Only JPEGBaseline8Bit, JPEG2000 and JPEG2000Lossless transfer syntax is supported.

Optical path identifiers needs to be unique across file set.

Basic usage

Load a WSI dataset from files in folder.

from wsidicom import WsiDicom
slide = WsiDicom.open(path_to_folder)

Or load a WSI dataset from opened streams.

from wsidicom import WsiDicom

slide = WsiDicom.open([file_stream_1, file_stream_2, ... ])

Or load a WSI dataset from DICOMWeb.

from wsidicom import WsiDicom, WsiDicomWebClient
from requests.auth import HTTPBasicAuth

auth = HTTPBasicAuth('username', 'password')
client = WsiDicomWebClient.create_client(
    'dicom_web_hostname',
    '/qido',
    '/wado,
    auth
)
slide = WsiDicom.open_web(
    client,
    "study uid to open",
    "series uid to open" or ["series uid 1 to open", "series uid 2 to open"]
)

Alternatively, if you have already created an instance of dicomweb_client.DICOMwebClient, that may be used to create the WsiDicomWebClient like so:

dw_client = DICOMwebClient(url)
client = WsiDicomWebClient(dw_client)

Then proceed to call WsiDicom.open_web() with this as in the first example.

Use as a context manager.

from wsidicom import WsiDicom
with WsiDicom.open(path_to_folder) as slide:
    ...

Read a 200x200 px region starting from px 1000, 1000 at level 6.

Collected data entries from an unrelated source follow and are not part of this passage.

lemma reach_length_le:
  fixes h :: "('a::finite \<times> 'a) list"
  assumes "strategy \<sigma>" "reach \<sigma> W h"
  shows "length h \<le> card (UNIV :: ('a \<times> 'a) set)"
  using is_history_distinct[OF reach_is_history[OF assms]] card_mono[of UNIV "set h"]
  by (simp add: distinct_card)

lemma reach_terminal_exists:
  fixes W :: "('a::finite) rel"
  assumes "strategy \<sigma>"
  shows "\<exists>h. reach \<sigma> W h \<and> terminal h"
proof -
  let ?N = "card (UNIV :: ('a \<times> 'a) set)"
  have "\<exists>h'. reach \<sigma> W h' \<and> terminal h'" if "reach \<sigma> W h" for h
    using that
  proof (induction "?N - length h" arbitrary: h rule: less_induct)
    case less
    show ?case
    proof (cases "terminal h")
      case False
      let ?h' = "h @ [winner_loser W (\<sigma> h)]"
      have "reach \<sigma> W ?h'" using less.prems False by (rule reach.snoc)
      moreover have "length ?h' \<le> ?N" using reach_length_le[OF assms calculation] .
      then have "?N - length ?h' < ?N - length h" by simp
      ultimately show ?thesis using less.hyps by blast
    qed (use less.prems in blast)
  qed
  then show ?thesis using reach.Nil by blast
qed

lemma outcome_eq:
  assumes "reach \<sigma> W h" "terminal h"
  shows "outcome \<sigma> W = induced h"
proof -
  have "(THE h. reach \<sigma> W h \<and> terminal h) = h"
    using assms reach_terminal_unique by blast
  then show ?thesis unfolding outcome_def by simp
qed

lemma outcomeE:
  fixes W :: "('a::finite) rel"
  assumes "strategy \<sigma>"
  obtains h where "reach \<sigma> W h" "terminal h" "outcome \<sigma> W = induced h"
  using reach_terminal_exists[OF assms] outcome_eq by blast

lemma ranking_outcome:
  fixes W :: "('a::finite) rel"
  assumes "strategy \<sigma>"
  shows "ranking (outcome \<sigma> W)"
  using assms by (metis outcomeE ranking_induced reach_is_history)

lemma reach_subset_tournament:
  assumes "tournament W" "strategy \<sigma>" "reach \<sigma> W h"
  shows "set h \<subseteq> W"
  using assms(3)
proof (induction rule: reach.induct)
  case (snoc h)
  then have "fst (\<sigma> h) \<noteq> snd (\<sigma> h)" using reach_unranked[OF assms(2)] unranked_def by blast
  then show ?case using snoc.IH winner_loser_mem[OF assms(1)] by simp
qed simp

region = slide.read_region((1000, 1000), 6, (200, 200))

Read a 2000x2000 px region starting from px 1000, 1000 at level 4 using 4 threads.

region = slide.read_region((1000, 1000), 6, (200, 200), threads=4)

Read 3x3 mm region starting at 0, 0 mm at level 6.

region_mm = slide.read_region_mm((0, 0), 6, (3, 3))

Read 3x3 mm region starting at 0, 0 mm with pixel spacing 0.01 mm/px.

region_mpp = slide.read_region_mpp((0, 0), 0.01, (3, 3))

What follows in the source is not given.